Based on Nielsen data, although 23% of Fire TV users also own a Samsung TV, only 10% of Fire TV viewers have an LG TV and just 8% own a Roku-operated TV.

Adding new ad targeting options to Fire TV is a way to offer advertisers “an audience that’s largely incremental” or additive to the streaming buys they’re already making, Maines said.

Hero ad units on Fire TV. Credit: Amazon

Better together

Brands can also choose to bundle Fire TV ad units with their other streaming buys on Amazon, which logically would include Prime Video (once the streaming service launches ads early next year), although Amazon declined to confirm Prime Video’s inclusion in this new ad bundle.

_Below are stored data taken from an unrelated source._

(* Let $0<\nu<1$ and $0\le \mu<1$. Then for every $t>0$, $$f_{\nu,\mu}(t)=\frac{1}{\pi}\int_0^\infty u^{-\mu}\,\exp\!\big(-ut-u^{\nu}\cos(\pi\nu)\big)\,\sin\!\big(u^{\nu}\sin(\pi\nu)+\pi\mu\big)\,du .$$
   Context: For $0<\nu<1$ and real $\rho$, $f_{\nu,\rho}$ denotes the inverse Laplace transform of $F(s)=s^{-\rho}e^{-s^{\nu}}$, i.e. $f_{\nu,\rho}(t)=\frac{1}{2\pi i}\int_{c-i\infty}^{c+i\infty}e^{st}s^{-\rho}e^{-s^{\nu}}\,ds$ for $t>0$, $c>0$, with principal branches of the powers of $s$; thus $\int_0^\infty e^{-st}f_{\nu,\rho}(t)\,dt=s^{-\rho}e^{-s^\nu}$. *)

theory Defs
  imports "HOL-Analysis.Analysis"
begin

text \<open>Inverse Laplace transform of F(s) = s^(-rho) * exp(-s^nu), given by the
Bromwich integral along the vertical line Re s = c (c > 0), principal branches.
With s = c + i y, ds = i dy, so (1/(2 pi i)) ds = (1/(2 pi)) dy.\<close>
definition bromwich_f :: "real \<Rightarrow> real \<Rightarrow> real \<Rightarrow> real \<Rightarrow> complex" where
  "bromwich_f \<nu> \<rho> c t =
     complex_of_real (1 / (2 * pi)) *
     (LBINT y. exp (Complex c y * complex_of_real t)
               * Complex c y powr (- complex_of_real \<rho>)
               * exp (- (Complex c y powr complex_of_real \<nu>)))"

end

theory Submission
  imports Defs "HOL-Complex_Analysis.Complex_Analysis" "HOL-Real_Asymp.Real_Asymp"
begin

text \<open>
  Continued from the upper half-plane with a logarithm cut along the negative imaginary axis,
  the integrand \<open>F s = exp (s t) s\<^sup>-\<^sup>\<mu> exp (- s\<^sup>\<nu>)\<close> becomes holomorphic across the negative real axis.
  Cauchy's theorem on the contour \<open>[-R, -\<epsilon>]\<close>, a small square detour over 0, \<open>[\<epsilon>, c]\<close>,
  \<open>[c, c + i R]\<close> and a large polygonal arc back to \<open>-R\<close> gives, after taking imaginary parts
  (\<open>F\<close> is real on the positive axis and \<open>Im F (-u)\<close> is minus the integrand \<open>G u\<close> of the theorem),
  \<open>Re \<integral>\<^sub>0\<^sup>R F (c + i y) dy = \<integral>\<^sub>\<epsilon>\<^sup>R G - Im (detour) - Im (arc)\<close>.
  The detour is \<open>O(\<epsilon>\<^sup>1\<^sup>-\<^sup>\<mu>)\<close>, and the arc term vanishes as \<open>R \<rightarrow> \<infinity>\<close> because on the arc either
  \<open>cos (\<nu> arg s)\<close> stays bounded away from 0 or \<open>Re s\<close> is a negative multiple of \<open>R\<close>.
  Finally \<open>F (c - i y) = cnj (F (c + i y))\<close>, so the Bromwich integral equals
  \<open>(1/\<pi>) Re \<integral>\<^sub>0\<^sup>\<infinity> F (c + i y) dy\<close>.
\<close>

lemma holomorphic_linepath_integral_primitive:
  fixes f :: "complex \<Rightarrow> complex"
  assumes "convex S" "open S" "f holomorphic_on S"
  obtains g where "\<And>a b. a \<in> S \<Longrightarrow> b \<in> S \<Longrightarrow> contour_integral (linepath a b) f = g b - g a"
proof -
  obtain g where g: "\<And>x. x \<in> S \<Longrightarrow> (g has_field_derivative f x) (at x within S)"
    using holomorphic_convex_primitive'[OF assms] by blast
  have "contour_integral (linepath a b) f = g b - g a" if "a \<in> S" "b \<in> S" for a b
    using contour_integral_primitive[OF g, of "linepath a b"] closed_segment_subset[of a S b] that assms(1)
    by (auto intro: contour_integral_unique)
  then show ?thesis using that by blast
qed

lemma has_contour_integral_affine_linepath_iff:
  fixes a b :: real
  assumes "a < b"
  shows "(f has_contour_integral I) (linepath (w + of_real a * d) (w + of_real b * d))
           \<longleftrightarrow> ((\<lambda>x. d * f (w + of_real x * d)) has_integral I) {a..b}"
proof -
  have "(f has_contour_integral I) (linepath (w + of_real a * d) (w + of_real b * d))
          \<longleftrightarrow> ((\<lambda>z. d * f (w + z * d)) has_contour_integral I) (linepath (of_real a) (of_real b))"
    unfolding has_contour_integral_linepath
    by (rule arg_cong2[where f = "\<lambda>f S. (f has_integral I) S"])
       (auto simp: linepath_def algebra_simps fun_eq_iff)
  also have "\<dots> \<longleftrightarrow> ((\<lambda>x. d * f (w + of_real x * d)) has_integral I) {a..b}"
    using assms by (subst has_contour_integral_linepath_Reals_iff) auto
  finally show ?thesis .
qed

lemma set_integrable_lborel_if_nonneg_integrable_on:
  fixes f :: "real \<Rightarrow> real"
  assumes "f integrable_on S" "\<And>x. x \<in> S \<Longrightarrow> 0 \<le> f x" "S \<in> sets borel" "f \<in> borel_measurable borel"
  shows "set_integrable lborel S f"
proof -
  have "integrable lebesgue (\<lambda>x. indicator S x *\<^sub>R f x)"
    using nonnegative_absolutely_integrable_1[OF assms(1,2)] unfolding set_integrable_def by simp
  moreover have "(\<lambda>x. indicator S x *\<^sub>R f x) \<in> borel_measurable borel"
    using assms(3,4) by measurable
  ultimately show ?thesis
    unfolding set_integrable_def by (subst (asm) integrable_completion) auto
qed

lemma set_integrable_atLeast_if_powr_bound:
  fixes f :: "real \<Rightarrow> 'a::{banach, second_countable_topology}"
  assumes "continuous_on {a..} f" "eventually (\<lambda>x. norm (f x) \<le> x powr (- 2)) at_top"
  shows "set_integrable lborel {a..} f"
proof -
  obtain Y0 where Y0: "\<And>x. Y0 \<le> x \<Longrightarrow> norm (f x) \<le> x powr (- 2)"
    using assms(2) unfolding eventually_at_top_linorder by blast
  define Y where "Y = max a (max Y0 1)"
  have "1 \<le> Y" "a \<le> Y" "Y0 \<le> Y"
    by (auto simp: Y_def)
  have "set_integrable lborel {a..Y} f"
    by (rule borel_integrable_atLeastAtMost') (rule continuous_on_subset[OF assms(1)], auto)
  moreover have "set_integrable lborel {Y..} f"
  proof (rule set_integrable_bound)
    show "set_integrable lborel {Y..} (\<lambda>x::real. x powr (- 2))"
      using has_integral_powr_to_inf[of "- 2" Y] \<open>1 \<le> Y\<close>
      by (intro set_integrable_lborel_if_nonneg_integrable_on) (auto simp: integrable_on_def)
    show "set_borel_measurable lborel {Y..} f"
      unfolding set_borel_measurable_def measurable_lborel2
      using \<open>a \<le> Y\<close> by (intro borel_measurable_continuous_on_indicator continuous_on_subset[OF assms(1)]) auto
    show "AE x in lborel. x \<in> {Y..} \<longrightarrow> norm (f x) \<le> norm (x powr (- 2))"
      using Y0 \<open>Y0 \<le> Y\<close> by (intro AE_I2) auto
  qed
  ultimately have "set_integrable lborel ({a..Y} \<union> {Y..}) f"
    by (rule set_integrable_Un) auto
  moreover have "{a..Y} \<union> {Y..} = {a..}"
    using \<open>a \<le> Y\<close> by auto
  ultimately show ?thesis
    by simp
qed

lemma integrable_lborel_if_halflines:
  fixes f :: "real \<Rightarrow> 'a::{banach, second_countable_topology}"
  assumes "set_integrable lborel {0..} f" "set_integrable lborel {0..} (\<lambda>x. f (- x))"
  shows "integrable lborel f"
proof -
  have "integrable lborel (\<lambda>x. indicator {..0} (0 + (- 1) * x) *\<^sub>R f (0 + (- 1) * x))"
    using assms(2) unfolding set_integrable_def by (simp add: indicator_def)
  then have "set_integrable lborel {..0} f"
    unfolding set_integrable_def by (subst (asm) lborel_integrable_real_affine_iff) auto
  then have "set_integrable lborel ({0..} \<union> {..0}) f"
    using assms(1) by (intro set_integrable_Un) auto
  moreover have "{0..} \<union> {..0} = (UNIV :: real set)"
    by auto
  ultimately show ?thesis
    unfolding set_integrable_def by simp
qed

lemma lborel_integral_eq_two_Re_if_cnj_symmetric:
  fixes f :: "real \<Rightarrow> complex"
  assumes "integrable lborel f" "\<And>y. f (- y) = cnj (f y)"
  shows "integral\<^sup>L lborel f = complex_of_real (2 * Re (LBINT y:{0..}. f y))"
proof -
  have int: "set_integrable lborel A f" if "A \<in> sets lborel" for A
    unfolding set_integrable_def using assms(1) that by (intro integrable_mult_indicator) auto
  have "{0..} \<union> {..<0} = (UNIV :: real set)"
    by auto
  then have "integral\<^sup>L lborel f = (LBINT y:({0..} \<union> {..<0}). f y)"
    unfolding set_lebesgue_integral_def by simp
  also have "\<dots> = (LBINT y:{0..}. f y) + (LBINT y:{..<0}. f y)"
    by (rule set_integral_Un) (auto intro: int)
  also have "(LBINT y:{..<0}. f y) = (LBINT y:{0<..}. cnj (f y))"
    by (subst set_integral_reflect) (simp add: assms(2) greaterThan_def)
  also have "\<dots> = cnj (LBINT y:{0<..}. f y)"
    unfolding set_lebesgue_integral_def by (simp flip: complex_cnj_scaleR del: complex_cnj_scaleR)
  also have "(LBINT y:{0<..}. f y) = (LBINT y:{0..}. f y)"
    by (rule set_integral_discrete_difference[where X = "{0}"]) auto
  finally show ?thesis
    by (simp add: complex_add_cnj)
qed

definition bromwich_integrand :: "real \<Rightarrow> real \<Rightarrow> real \<Rightarrow> complex \<Rightarrow> complex" where
  "bromwich_integrand \<nu> \<rho> t s =
     exp (s * complex_of_real t) * s powr (- complex_of_real \<rho>) * exp (- (s powr complex_of_real \<nu>))"

definition cut_integrand :: "real \<Rightarrow> real \<Rightarrow> real \<Rightarrow> real \<Rightarrow> real" where
  "cut_integrand \<nu> \<mu> t u = u powr (- \<mu>) * exp (- u * t - u powr \<nu> * cos (pi * \<nu>))
                             * sin (u powr \<nu> * sin (pi * \<nu>) + pi * \<mu>)"

lemma bromwich_f_eq_integral_bromwich_integrand:
  "bromwich_f \<nu> \<rho> c t = complex_of_real (1 / (2 * pi)) * (LBINT y. bromwich_integrand \<nu> \<rho> t (Complex c y))"
  unfolding bromwich_f_def bromwich_integrand_def ..

lemma bromwich_integrand_eq_exp:
  assumes "s \<noteq> 0"
  shows "bromwich_integrand \<nu> \<rho> t s
           = exp (s * complex_of_real t - complex_of_real \<rho> * Ln s - exp (complex_of_real \<nu> * Ln s))"
  using assms by (simp add: bromwich_integrand_def powr_def exp_diff exp_add exp_minus field_simps)

lemma norm_bromwich_integrand:
  assumes "s \<noteq> 0"
  shows "norm (bromwich_integrand \<nu> \<rho> t s)
           = exp (t * Re s) * cmod s powr (- \<rho>) * exp (- (cmod s powr \<nu> * cos (\<nu> * Im (Ln s))))"
  using assms by (simp add: bromwich_integrand_def norm_mult norm_powr_real_powr powr_def Re_exp mult.commute)

lemma Re_eq_norm_cos_Im_Ln:
  assumes "s \<noteq> 0"
  shows "Re s = cmod s * cos (Im (Ln s))"
proof -
  have "Re s = Re (exp (Ln s))" using assms by simp
  also have "\<dots> = cmod s * cos (Im (Ln s))" using assms by (subst Re_exp) simp
  finally show ?thesis .
qed

lemma Re_le_mult_cos_if_Im_Ln_ge:
  assumes "s \<noteq> 0" "0 \<le> \<phi>" "\<phi> \<le> Im (Ln s)" "cos \<phi> \<le> 0" "R \<le> cmod s"
  shows "Re s \<le> R * cos \<phi>"
proof -
  have "Re s = cmod s * cos (Im (Ln s))"
    by (rule Re_eq_norm_cos_Im_Ln[OF assms(1)])
  also have "\<dots> \<le> cmod s * cos \<phi>"
    using assms Im_Ln_le_pi[of s] by (intro mult_left_mono cos_monotone_0_pi_le) auto
  also have "\<dots> \<le> R * cos \<phi>"
    using assms by (intro mult_right_mono_neg) auto
  finally show ?thesis .
qed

Display and search ads on TV home screens appear to work best when they’re paired with typical 15- or 30-second spots.

According to Amazon, Fire TV display units drive 125% more incremental reach when they’re grouped with a streaming campaign. They also drive a 153% YOY increase in retail brand awareness growth compared with classic streaming buys alone.

Speaking of retail, Amazon plans to eventually add more targeting capabilities to its new inventory, Maines said, since it has a massive amount of first-party retail and ecommerce data.

“Over time,” Maines said, “we’ll figure out what data we can share for buyers to layer on [more advanced] targeting.”